Exercise objective: Reproduce word for word the lines between those holding "(auto simp: finite_bool_lists_length)" and "using assms(2) by", inclusive, and nothing else from the data below.

——

lemma card_necklaces_neq_0: "card (necklaces l) \<noteq> 0"
proof -
  have "finite (necklaces l)"
    unfolding necklaces_def using finite_bool_lists_length by simp
  moreover have "rotations (replicate l False) \<in> necklaces l"
    unfolding necklaces_def by simp
  ultimately show ?thesis by auto
qed

lemma card_aperiodic_necklaces_le:
  "l * card (rotations ` {xs :: bool list. length xs = l \<and> \<not> has_short_period xs}) \<le> 2 ^ l"
    (is "l * card ?N \<le> _")
proof -
  have "pairwise disjnt ?N"
    by (auto simp: pairwise_def disjnt_def dest: rotations_eq_if_mem)
  moreover have "\<Union>?N \<subseteq> {xs. length xs = l}"
    by (auto dest: length_mem_rotations)
  ultimately have card_Union: "card (\<Union>?N) = (\<Sum>q\<in>?N. card q)"
    by (intro card_Union_disjoint) (auto simp: finite_rotations)
  have "l * card ?N = (\<Sum>q\<in>?N. l)"
    by simp
  also have "\<dots> \<le> (\<Sum>q\<in>?N. card q)"
    by (rule sum_mono) (auto dest: length_le_card_rotations)
  also have "\<dots> = card (\<Union>?N)"
    by (rule card_Union[symmetric])
  also have "\<dots> \<le> 2 ^ l"
    using card_mono[OF finite_bool_lists_length \<open>\<Union>?N \<subseteq> _\<close>] by (simp add: card_bool_lists_length)
  finally show ?thesis .
qed

lemma four_mult_add_two_le_pow2: "8 \<le> a \<Longrightarrow> 4 * a + 2 \<le> (2::nat) ^ a"
proof (induction a rule: nat_induct_at_least)
  case (Suc a)
  have "(2::nat) ^ 2 \<le> 2 ^ a"
    using Suc.hyps by (intro power_increasing) auto
  with Suc.IH show ?case
    by simp
qed simp

lemma mult_pow2_half_le:
  assumes "16 \<le> l"
  shows "l * 2 ^ (l div 2 + 1) \<le> (2::nat) ^ l"
proof -
  define a where "a = l div 2"
  have "8 \<le> a" "l \<le> 2 * a + 1" "2 * a \<le> l"
    using assms unfolding a_def by auto
  have "l * 2 ^ (a + 1) \<le> (2 * a + 1) * 2 ^ (a + 1)"
    using \<open>l \<le> 2 * a + 1\<close> by (rule mult_le_mono1)
  also have "\<dots> = (4 * a + 2) * 2 ^ a"
    by (simp add: algebra_simps)
  also have "\<dots> \<le> 2 ^ a * 2 ^ a"
    using four_mult_add_two_le_pow2[OF \<open>8 \<le> a\<close>] by (rule mult_le_mono1)
  also have "\<dots> \<le> 2 ^ l"
    using \<open>2 * a \<le> l\<close> by (simp flip: power_add mult_2)
  finally show ?thesis
    unfolding a_def .
qed

lemma card_necklaces_le:
  assumes "16 \<le> l"
  shows "l * card (necklaces l) \<le> 2 * 2 ^ l"
proof -
  let ?A = "{xs :: bool list. length xs = l \<and> \<not> has_short_period xs}"
  let ?P = "{xs :: bool list. length xs = l \<and> has_short_period xs}"
  have "necklaces l = rotations ` ?A \<union> rotations ` ?P"
    unfolding necklaces_def by auto
  then have "card (necklaces l) \<le> card (rotations ` ?A) + card (rotations ` ?P)"
    by (simp add: card_Un_le)
  also have "card (rotations ` ?P) \<le> card ?P"
    by (rule card_image_le, rule finite_subset[of _ "{xs. length xs = l}"])
      (auto simp: finite_bool_lists_length)
  finally have "l * card (necklaces l) \<le> l * card (rotations ` ?A) + l * card ?P"
    by (simp flip: add_mult_distrib2)
  also have "\<dots> \<le> 2 ^ l + l * 2 ^ (l div 2 + 1)"
    using card_aperiodic_necklaces_le card_short_period_le by (intro add_mono mult_le_mono2)
  also have "\<dots> \<le> 2 * 2 ^ l"
    using mult_pow2_half_le[OF assms] by simp
  finally show ?thesis .
qed

lemma card_necklaces_mult_le:
  assumes "16 \<le> L" "L \<le> l"
  shows "real (card (necklaces l)) * (real L / 2) \<le> 2 ^ l"
proof -
  have "real (card (necklaces l)) * (real L / 2) \<le> real (card (necklaces l)) * (real l / 2)"
    using assms(2) by (intro mult_left_mono) auto
  also have "\<dots> = real (l * card (necklaces l)) / 2"
    by simp
  also have "\<dots> \<le> 2 ^ l"
  proof -
    have "real (l * card (necklaces l)) \<le> real (2 * 2 ^ l)"
      using card_necklaces_le[of l] assms by (simp only: of_nat_le_iff)
    then show ?thesis
      by simp
  qed
  finally show ?thesis .
qed

lemma card_listset: "card (listset As) = prod_list (map card As)"
proof (induction As)
  case (Cons A As)
  have "listset (A # As) = (\<lambda>(x, xs). x # xs) ` (A \<times> listset As)"
    by (auto simp: set_Cons_def)
  moreover have "inj_on (\<lambda>(x, xs). x # xs) (A \<times> listset As)"
    by (auto intro: inj_onI)
  ultimately show ?case
    using Cons.IH by (simp add: card_image card_cartesian_product)
qed simp

lemma prod_list_card_necklaces_neq_0: "prod_list (map (\<lambda>l. card (necklaces l)) ls) \<noteq> 0"
  by (auto simp: prod_list_zero_iff card_necklaces_neq_0)

lemma prod_card_necklaces_mult_le:
  assumes "16 \<le> L" "\<forall>l \<in> set ls. L \<le> l"
  shows "real (prod_list (map (\<lambda>l. card (necklaces l)) ls)) * (real L / 2) ^ length ls
    \<le> 2 ^ sum_list ls"
  using assms(2)
proof (induction ls)
  case (Cons l ls)
  have "real (prod_list (map (\<lambda>l. card (necklaces l)) (l # ls))) * (real L / 2) ^ length (l # ls)
      = (real (card (necklaces l)) * (real L / 2))
        * (real (prod_list (map (\<lambda>l. card (necklaces l)) ls)) * (real L / 2) ^ length ls)"
    by (simp add: algebra_simps)
  also have "\<dots> \<le> 2 ^ l * 2 ^ sum_list ls"
    using Cons card_necklaces_mult_le[OF assms(1)] by (intro mult_mono) auto
  finally show ?case
    by (simp add: power_add)
qed simp

fun blocks :: "nat list \<Rightarrow> 'a list \<Rightarrow> 'a list list" where
  "blocks [] xs = []"
| "blocks (l # ls) xs = take l xs # blocks ls (drop l xs)"

lemma length_blocks [simp]: "length (blocks ls xs) = length ls"
  by (induction ls arbitrary: xs) auto

lemma concat_blocks: "length xs = sum_list ls \<Longrightarrow> concat (blocks ls xs) = xs"
  by (induction ls arbitrary: xs) auto

lemma rotations_blocks_mem_listset:
  "length xs = sum_list ls \<Longrightarrow> map rotations (blocks ls xs) \<in> listset (map necklaces ls)"
  by (induction ls arbitrary: xs) (auto simp: set_Cons_def necklaces_def)
lemma nbhd_path_exists:
  assumes G: "graph V E" and A: "cond_A E" and B: "cond_B V E" and "v \<in> V"
    and four: "card (nbhd E v) = 4" and three: "3 \<le> card (induced_edges E (nbhd E v))"
  shows "\<exists>a b c d. nbhd_path E v a b c d"
proof -
  have sym: "\<And>x y. E x y \<Longrightarrow> E y x" and irrefl: "\<And>x. \<not> E x x"
    using graph_sym[OF G] graph_irrefl[OF G] by blast+
  obtain p q r s where N: "nbhd E v = {p, q, r, s}" and dist: "distinct [p, q, r, s]"
    using four by (rule card_eq_4E)
  have "\<exists>a\<in>nbhd E v. \<exists>b\<in>nbhd E v. \<exists>c\<in>nbhd E v. \<exists>d\<in>nbhd E v.
      E a b \<and> E b c \<and> E c d \<and> \<not> E a c \<and> \<not> E a d \<and> \<not> E b d"
  proof (rule path_in_four_vertex_graph[OF sym irrefl N dist])
    show "\<exists>y\<in>nbhd E v. y \<noteq> x \<and> \<not> E x y" if "x \<in> nbhd E v" for x
      using that A by (intro cond_A_nonadjacent_in_nbhd) (auto simp: nbhd_def intro: sym)
    show "E x t \<or> E y t \<or> E z t"
      if "{x, y, z, t} \<subseteq> nbhd E v" "distinct [x, y, z, t]" "E x y" "E y z" "E x z" for x y z t
      using that card_eq_4_subset_eq[OF four]
      by (intro cond_B_no_triangle_isolated[OF B \<open>v \<in> V\<close> _ _ sym]) auto
    show "E x1 y1 \<or> E x2 y2"
      if "{x1, x2, y1, y2} \<subseteq> nbhd E v" "distinct [x1, x2, y1, y2]"
        "E x1 x2" "E x2 y1" "E y1 y2" "E y2 x1" for x1 x2 y1 y2
      using that card_eq_4_subset_eq[OF four]
      by (intro cond_B_no_square[OF B \<open>v \<in> V\<close> _ _ sym]) auto
    show "3 \<le> of_bool (E p q) + of_bool (E p r) + of_bool (E p s)
        + of_bool (E q r) + of_bool (E q s) + (of_bool (E r s) :: nat)"
      using three card_induced_edges_four_le[of E, OF sym irrefl, of p q r s] N by simp
  qed
  then obtain a b c d where abcd: "{a, b, c, d} \<subseteq> nbhd E v"
    and path: "E a b" "E b c" "E c d" "\<not> E a c" "\<not> E a d" "\<not> E b d"
    by blast
  have dist_abcd: "distinct [a, b, c, d]"
    using sym irrefl path by (rule induced_path_distinct)
  then have "nbhd E v = {a, b, c, d}"
    using card_eq_4_subset_eq[OF four abcd] by blast
  with dist_abcd path show ?thesis
    unfolding nbhd_path_def by blast
qed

——

Written answer:
      (auto simp: finite_bool_lists_length)
  finally have "l * card (necklaces l) \<le> l * card (rotations ` ?A) + l * card ?P"
    by (simp flip: add_mult_distrib2)
  also have "\<dots> \<le> 2 ^ l + l * 2 ^ (l div 2 + 1)"
    using card_aperiodic_necklaces_le card_short_period_le by (intro add_mono mult_le_mono2)
  also have "\<dots> \<le> 2 * 2 ^ l"
    using mult_pow2_half_le[OF assms] by simp
  finally show ?thesis .
qed

lemma card_necklaces_mult_le:
  assumes "16 \<le> L" "L \<le> l"
  shows "real (card (necklaces l)) * (real L / 2) \<le> 2 ^ l"
proof -
  have "real (card (necklaces l)) * (real L / 2) \<le> real (card (necklaces l)) * (real l / 2)"
    using assms(2) by (intro mult_left_mono) auto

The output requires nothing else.